[[ Record set, beginning ]]
lemma conic_combination_eliminate:
  fixes S :: "'a::real_vector set"
  assumes "finite S" and l: "\<forall>v\<in>S. 0 \<le> l v"
    and g: "(\<Sum>v\<in>S. g v *\<^sub>R v) = 0" and "\<exists>v\<in>S. 0 < g v"
  obtains v0 m where "v0 \<in> S" and "m v0 = 0" and "\<forall>v\<in>S. 0 \<le> m v"
    and "(\<Sum>v\<in>S. m v *\<^sub>R v) = (\<Sum>v\<in>S. l v *\<^sub>R v)"
proof -
  define G where "G = {v\<in>S. 0 < g v}"
  define t where "t = Min ((\<lambda>v. l v / g v) ` G)"
  have "finite G" "G \<noteq> {}"
    using assms(1,4) by (auto simp: G_def)
  then have t_le: "t \<le> l v / g v" if "v \<in> G" for v
    using that by (simp add: t_def)
  have "t \<in> (\<lambda>v. l v / g v) ` G"
    unfolding t_def using \<open>finite G\<close> \<open>G \<noteq> {}\<close> by (intro Min_in) auto
  then obtain v0 where v0: "v0 \<in> G" "t = l v0 / g v0"
    by blast
  then have "0 \<le> t"
    using l by (simp add: G_def)
  define m where "m v = l v - t * g v" for v
  show ?thesis
  proof (rule that[of v0 m])
    show "v0 \<in> S" "m v0 = 0"
      using v0 by (auto simp: G_def m_def)
    show "\<forall>v\<in>S. 0 \<le> m v"
    proof
      fix v assume "v \<in> S"
      show "0 \<le> m v"
      proof (cases "0 < g v")
        case True
        then show ?thesis
          using t_le[of v] \<open>v \<in> S\<close> by (simp add: G_def m_def pos_le_divide_eq)
      next
        case False
        then have "t * g v \<le> 0"
          using \<open>0 \<le> t\<close> by (simp add: mult_nonneg_nonpos)
        moreover have "0 \<le> l v"
          using l \<open>v \<in> S\<close> by blast
        ultimately show ?thesis
          unfolding m_def by linarith
      qed
    qed
    have "(\<Sum>v\<in>S. m v *\<^sub>R v) = (\<Sum>v\<in>S. l v *\<^sub>R v) - t *\<^sub>R (\<Sum>v\<in>S. g v *\<^sub>R v)"
      by (simp add: m_def scaleR_diff_left scaleR_sum_right sum_subtractf)
    then show "(\<Sum>v\<in>S. m v *\<^sub>R v) = (\<Sum>v\<in>S. l v *\<^sub>R v)"
      using g by simp
  qed
qed
(* Let $\epsilon\in(0,2)$ and let $\mathcal{L}^2=L^2(-\pi,\pi)$. Define the following operators in $\mathcal{L}^2$: (i) $L$: $(Ly)(x)=\epsilon\,(\sin(x)\,y'(x))'+y'(x)$, with domain $\mathfrak{D}(L)$ consisting of all absolutely continuous $2\pi$-periodic functions $y$ (i.e. $y(-\pi)=y(\pi)$) for which $\sin(x)y'(x)$ is locally absolutely continuous, so that the expression $(Ly)(x)$ is defined, and $(Ly)(x)\in\mathcal{L}^2$; (ii) $S$: $(Sy)(x)=y'(x)$, with domain consisting of all absolutely continuous $y$ on $[-\pi,\pi]$ with $y'\in\mathcal{L}^2$ and $y(-\pi)=y(\pi)$; (iii) $M$: $(My)(x)=\epsilon\,(\sin(x)\,y(x))'+y(x)$, with domain consisting of all $y\in\mathcal{L}^2$ for which $\sin(x)y(x)$ is absolutely continuous and $(My)(x)\in\mathcal{L}^2$. Then $L=MS$, where $MS$ is the operator product with domain $\{y\in\mathfrak{D}(S): Sy\in\mathfrak{D}(M)\}$; in particular $\mathfrak{D}(L)=\mathfrak{D}(MS)$.
   Context: All functions are complex-valued on $(-\pi,\pi)$; $\mathcal{L}^2$ is the standard Lebesgue space on $(-\pi,\pi)$. Equality of unbounded operators means equality of domains and of actions. *)

theory Defs
  imports "HOL-Analysis.Analysis"
begin

definition Om :: "real measure" where
  "Om = lebesgue_on {-pi<..<pi}"

definition sq_int :: "(real \<Rightarrow> complex) \<Rightarrow> bool" where
  "sq_int y \<longleftrightarrow> y \<in> borel_measurable Om \<and> integrable Om (\<lambda>x. (norm (y x))^2)"

definition abs_cont_on :: "real \<Rightarrow> real \<Rightarrow> (real \<Rightarrow> complex) \<Rightarrow> bool" where
  "abs_cont_on a b f \<longleftrightarrow>
     (\<forall>e>0. \<exists>d>0. \<forall>(n::nat) (u::nat \<Rightarrow> real) (v::nat \<Rightarrow> real).
        (\<forall>k<n. a \<le> u k \<and> u k \<le> v k \<and> v k \<le> b) \<longrightarrow>
        (\<forall>i<n. \<forall>j<n. i \<noteq> j \<longrightarrow> v i \<le> u j \<or> v j \<le> u i) \<longrightarrow>
        (\<Sum>k<n. v k - u k) < d \<longrightarrow>
        (\<Sum>k<n. norm (f (v k) - f (u k))) < e)"

definition loc_abs_cont :: "(real \<Rightarrow> complex) \<Rightarrow> bool" where
  "loc_abs_cont f \<longleftrightarrow> (\<forall>a b. -pi < a \<longrightarrow> b < pi \<longrightarrow> abs_cont_on a b f)"

text \<open>Graphs of the operators, on representatives; y and f are L2 representatives and
  all conditions are invariant under a.e. modification of y and f.
  graph_X y f means: (the class of) y lies in the domain of X and X y = f in L2.\<close>

definition graph_L :: "real \<Rightarrow> (real \<Rightarrow> complex) \<Rightarrow> (real \<Rightarrow> complex) \<Rightarrow> bool" where
  "graph_L \<epsilon> y f \<longleftrightarrow> sq_int y \<and> sq_int f \<and>
     (\<exists>y0 g p q.
        (AE x in Om. y x = y0 x) \<and> abs_cont_on (-pi) pi y0 \<and> y0 (-pi) = y0 pi \<and>
        (AE x in Om. (y0 has_vector_derivative g x) (at x)) \<and>
        loc_abs_cont p \<and> (AE x in Om. p x = complex_of_real (sin x) * g x) \<and>
        (AE x in Om. (p has_vector_derivative q x) (at x)) \<and>
        (AE x in Om. f x = complex_of_real \<epsilon> * q x + g x))"

definition graph_S :: "(real \<Rightarrow> complex) \<Rightarrow> (real \<Rightarrow> complex) \<Rightarrow> bool" where
  "graph_S y f \<longleftrightarrow> sq_int y \<and> sq_int f \<and>
     (\<exists>y0. (AE x in Om. y x = y0 x) \<and> abs_cont_on (-pi) pi y0 \<and> y0 (-pi) = y0 pi \<and>
        (AE x in Om. (y0 has_vector_derivative f x) (at x)))"

definition graph_M :: "real \<Rightarrow> (real \<Rightarrow> complex) \<Rightarrow> (real \<Rightarrow> complex) \<Rightarrow> bool" where
  "graph_M \<epsilon> y f \<longleftrightarrow> sq_int y \<and> sq_int f \<and>
     (\<exists>p q. abs_cont_on (-pi) pi p \<and> (AE x in Om. p x = complex_of_real (sin x) * y x) \<and>
        (AE x in Om. (p has_vector_derivative q x) (at x)) \<and>
        (AE x in Om. f x = complex_of_real \<epsilon> * q x + y x))"

definition graph_MS :: "real \<Rightarrow> (real \<Rightarrow> complex) \<Rightarrow> (real \<Rightarrow> complex) \<Rightarrow> bool" where
  "graph_MS \<epsilon> y f \<longleftrightarrow> (\<exists>z. graph_S y z \<and> graph_M \<epsilon> z f)"

end

theory Submission
  imports Defs
begin
text \<open>Schmidt's (alpha,beta)-game on K: Alice's strategy maps the history of
  Bob's moves omega_1..omega_k to her move omega'_k (her own earlier moves are
  determined by the strategy).\<close>
definition alpha_beta_winning :: "'a::metric_space set \<Rightarrow> real \<Rightarrow> real \<Rightarrow> 'a set \<Rightarrow> bool" where
  "alpha_beta_winning K \<alpha> \<beta> S \<longleftrightarrow>
    (\<exists>\<sigma> :: ('a \<times> real) list \<Rightarrow> 'a \<times> real.
      \<forall>\<omega> :: nat \<Rightarrow> 'a \<times> real.
        (\<forall>k. bob_legal K \<alpha> \<beta> \<omega> (\<lambda>j. \<sigma> (map \<omega> [0..<Suc j])) k \<longrightarrow>
             (let a = \<sigma> (map \<omega> [0..<Suc k]) in
               fst a \<in> K \<and> snd a = \<alpha> * snd (\<omega> k) \<and> le_s a (\<omega> k))) \<and>
        ((\<forall>k. bob_legal K \<alpha> \<beta> \<omega> (\<lambda>j. \<sigma> (map \<omega> [0..<Suc j])) k) \<longrightarrow>
             (\<forall>x\<in>K. (\<forall>k. dist (fst (\<omega> k)) x \<le> snd (\<omega> k)) \<longrightarrow> x \<in> S)))"

definition alpha_winning :: "'a::metric_space set \<Rightarrow> real \<Rightarrow> 'a set \<Rightarrow> bool" where
  "alpha_winning K \<alpha> S \<longleftrightarrow> (\<forall>\<beta>. 0 < \<beta> \<and> \<beta> < 1 \<longrightarrow> alpha_beta_winning K \<alpha> \<beta> S)"

definition affine_hyperplane :: "'a::euclidean_space set \<Rightarrow> bool" where
  "affine_hyperplane L \<longleftrightarrow> (\<exists>a b. a \<noteq> 0 \<and> L = {y. inner a y = b})"

definition locally_finite_borel :: "'a::euclidean_space measure \<Rightarrow> bool" where
  "locally_finite_borel \<mu> \<longleftrightarrow> sets \<mu> = sets borel \<and>
     (\<forall>x. \<exists>e>0. emeasure \<mu> (ball x e) < \<infinity>)"

definition measure_support :: "'a::euclidean_space measure \<Rightarrow> 'a set" where
  "measure_support \<mu> = {x. \<forall>e>0. emeasure \<mu> (ball x e) > 0}"

definition abs_decaying :: "'a::euclidean_space measure \<Rightarrow> real \<Rightarrow> real \<Rightarrow> bool" where
  "abs_decaying \<mu> C \<gamma> \<longleftrightarrow> (\<exists>\<rho>0>0. \<forall>L x \<rho> \<epsilon>.
     affine_hyperplane L \<and> x \<in> measure_support \<mu> \<and> 0 < \<rho> \<and> \<rho> < \<rho>0 \<and> \<epsilon> > 0 \<longrightarrow>
     emeasure \<mu> (cball x \<rho> \<inter> {y. infdist y L \<le> \<epsilon>})
       < ennreal (C * (\<epsilon> / \<rho>) powr \<gamma>) * emeasure \<mu> (cball x \<rho>))"

end

theory Submission
  imports Defs "HOL-Library.Nat_Bijection"
begin

text \<open>
  Alice removes the countably many hyperplanes h 0, h 1, ... one at a time
  while still following a winning strategy for S.  She plays the even-indexed rounds
  of the (alpha, beta)-game as a copy of an (alpha, alpha*beta*beta)-game for S (two
  rounds of the fine game contain one round of the coarse one), and in the odd round
  number 2m+1 she uses her move to dodge the hyperplane h i, where (i, n) is the pair
  encoded by m.  Since every i occurs with arbitrarily large m, she dodges each h i at
  arbitrarily small scales.  Dodging is possible because of absolute decay: inside the
  ball of radius R = (1 - alpha) r, the neighbourhood of width R / C^(1/gamma) of a
  hyperplane has strictly smaller measure than the ball, and this width exceeds alpha r
  exactly when alpha < 1 / (2 C^(1/gamma) + 1); so the ball contains a support point
  that Alice can take as her centre, with her whole ball missing the hyperplane.
\<close>

section \<open>Dodging a hyperplane with an absolutely decaying measure\<close>

text \<open>A Borel set of positive measure meets the support (second countability lets
  us cover the complement of the support by countably many null balls).\<close>
lemma support_meets_positive_set:
  fixes \<mu> :: "'a::euclidean_space measure"
  assumes sets: "sets \<mu> = sets borel" and E: "E \<in> sets borel" and pos: "emeasure \<mu> E > 0"
  shows "\<exists>y\<in>E. y \<in> measure_support \<mu>"
proof (rule ccontr)
  assume "\<not> ?thesis"
  then have null_ball: "\<forall>y\<in>E. \<exists>e>0. emeasure \<mu> (ball y e) = 0"
    unfolding measure_support_def by (auto simp: not_less)
  define F where "F = {ball y e | y e. e > 0 \<and> emeasure \<mu> (ball y e) = 0}"
  have E_cover: "E \<subseteq> \<Union>F"
  proof
    fix y assume "y \<in> E"
    then obtain e where "e > 0" "emeasure \<mu> (ball y e) = 0" using null_ball by blast
    then have "ball y e \<in> F" unfolding F_def by blast
    then show "y \<in> \<Union>F" using \<open>e > 0\<close> by (meson UnionI centre_in_ball)
  qed
  obtain F' where F': "F' \<subseteq> F" "countable F'" "\<Union>F' = \<Union>F"
    using Lindelof[of F] unfolding F_def by auto
  have "(\<Union>B\<in>F'. B) \<in> null_sets \<mu>"
  proof (rule null_sets_UN')
    show "countable F'" by fact
    fix B assume "B \<in> F'"
    then obtain y e where "B = ball y e" "emeasure \<mu> B = 0" using F' unfolding F_def by auto
    then show "B \<in> null_sets \<mu>" using sets by (auto simp: null_sets_def)
  qed
  then have "\<Union>F \<in> null_sets \<mu>" using F' by simp
  then have "E \<in> null_sets \<mu>"
    using E_cover E sets null_sets_subset by (metis sets.sets_into_space subsetI)
  then show False using pos by (simp add: null_setsD1)
qed
(* Let $\alpha,\beta>-1$, $j\in\mathbb{N}\cup\{0\}$, $M>0$. Let $\{p_n^{(\alpha,\beta)}\}_{n\ge0}$ be the orthonormal Jacobi polynomials (positive leading coefficients) with respect to $(1-x)^\alpha(1+x)^\beta$ on $(-1,1)$, let $\lambda_n=n^2+n(\alpha+\beta+1)$, $K_n^{(j,j)}(1,1)=\sum_{i=0}^n\big((p_i^{(\alpha,\beta)})^{(j)}(1)\big)^2$, and define $$\widetilde\lambda_n=\lambda_n+M\sum_{i=j+1}^n(\lambda_i-\lambda_{i-1})K_{i-1}^{(j,j)}(1,1),\qquad n\ge j+1.$$ Then $$\lim_{n\to+\infty}\frac{\widetilde\lambda_n}{n^{4j+2\alpha+4}}=\frac{M}{2^{2j+\alpha+\beta+1}(2j+\alpha+2)(2j+\alpha+1)\Gamma^2(\alpha+j+1)}.$$
   Context: Background: $\lambda_n$ are the eigenvalues of the Jacobi differential equation $(x^2-1)y''+(\alpha-\beta+(\alpha+\beta+2)x)y'=\lambda_n y$, and $\widetilde\lambda_n$ are the eigenvalues of the differential operator $\mathbf{L}$ having as eigenfunctions the polynomials orthonormal with respect to $(f,g)=\int_{-1}^1 fg(1-x)^\alpha(1+x)^\beta dx+Mf^{(j)}(1)g^{(j)}(1)$ (with the free parameters $\alpha_1=\dots=\alpha_j=0$). *)

theory Defs
  imports "HOL-Analysis.Analysis" "HOL-Computational_Algebra.Polynomial"
begin

definition jacobi_weight :: "real \<Rightarrow> real \<Rightarrow> real \<Rightarrow> real" where
  "jacobi_weight \<alpha> \<beta> x = (1 - x) powr \<alpha> * (1 + x) powr \<beta>"

definition orthonormal_jacobi :: "real \<Rightarrow> real \<Rightarrow> (nat \<Rightarrow> real poly) \<Rightarrow> bool" where
  "orthonormal_jacobi \<alpha> \<beta> p \<longleftrightarrow>
     (\<forall>n. degree (p n) = n \<and> lead_coeff (p n) > 0) \<and>
     (\<forall>m n. set_integrable lborel {-1<..<1}
                (\<lambda>x. poly (p m) x * poly (p n) x * jacobi_weight \<alpha> \<beta> x) \<and>
             (LINT x:{-1<..<1}|lborel. poly (p m) x * poly (p n) x * jacobi_weight \<alpha> \<beta> x)
               = (if m = n then 1 else 0))"

definition jac_lambda :: "real \<Rightarrow> real \<Rightarrow> nat \<Rightarrow> real" where
  "jac_lambda \<alpha> \<beta> n = real n ^ 2 + real n * (\<alpha> + \<beta> + 1)"

definition kernel_jj :: "(nat \<Rightarrow> real poly) \<Rightarrow> nat \<Rightarrow> nat \<Rightarrow> real" where
  "kernel_jj p j n = (\<Sum>i=0..n. (poly ((pderiv ^^ j) (p i)) 1) ^ 2)"

text \<open>tilde lambda_n; meaningful for n \<ge> j+1 (the limit only concerns large n).\<close>
definition lambda_tilde :: "real \<Rightarrow> real \<Rightarrow> real \<Rightarrow> (nat \<Rightarrow> real poly) \<Rightarrow> nat \<Rightarrow> nat \<Rightarrow> real" where
  "lambda_tilde \<alpha> \<beta> M p j n = jac_lambda \<alpha> \<beta> n
     + M * (\<Sum>i=j+1..n. (jac_lambda \<alpha> \<beta> i - jac_lambda \<alpha> \<beta> (i - 1)) * kernel_jj p j (i - 1))"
[[ Record set, end ]]
Exercise:
The response must contain every line from the listing above in which the string "noteq" appears.

Task solution:
  have "finite G" "G \<noteq> {}"
    unfolding t_def using \<open>finite G\<close> \<open>G \<noteq> {}\<close> by (intro Min_in) auto
        (\<forall>i<n. \<forall>j<n. i \<noteq> j \<longrightarrow> v i \<le> u j \<or> v j \<le> u i) \<longrightarrow>
  "affine_hyperplane L \<longleftrightarrow> (\<exists>a b. a \<noteq> 0 \<and> L = {y. inner a y = b})"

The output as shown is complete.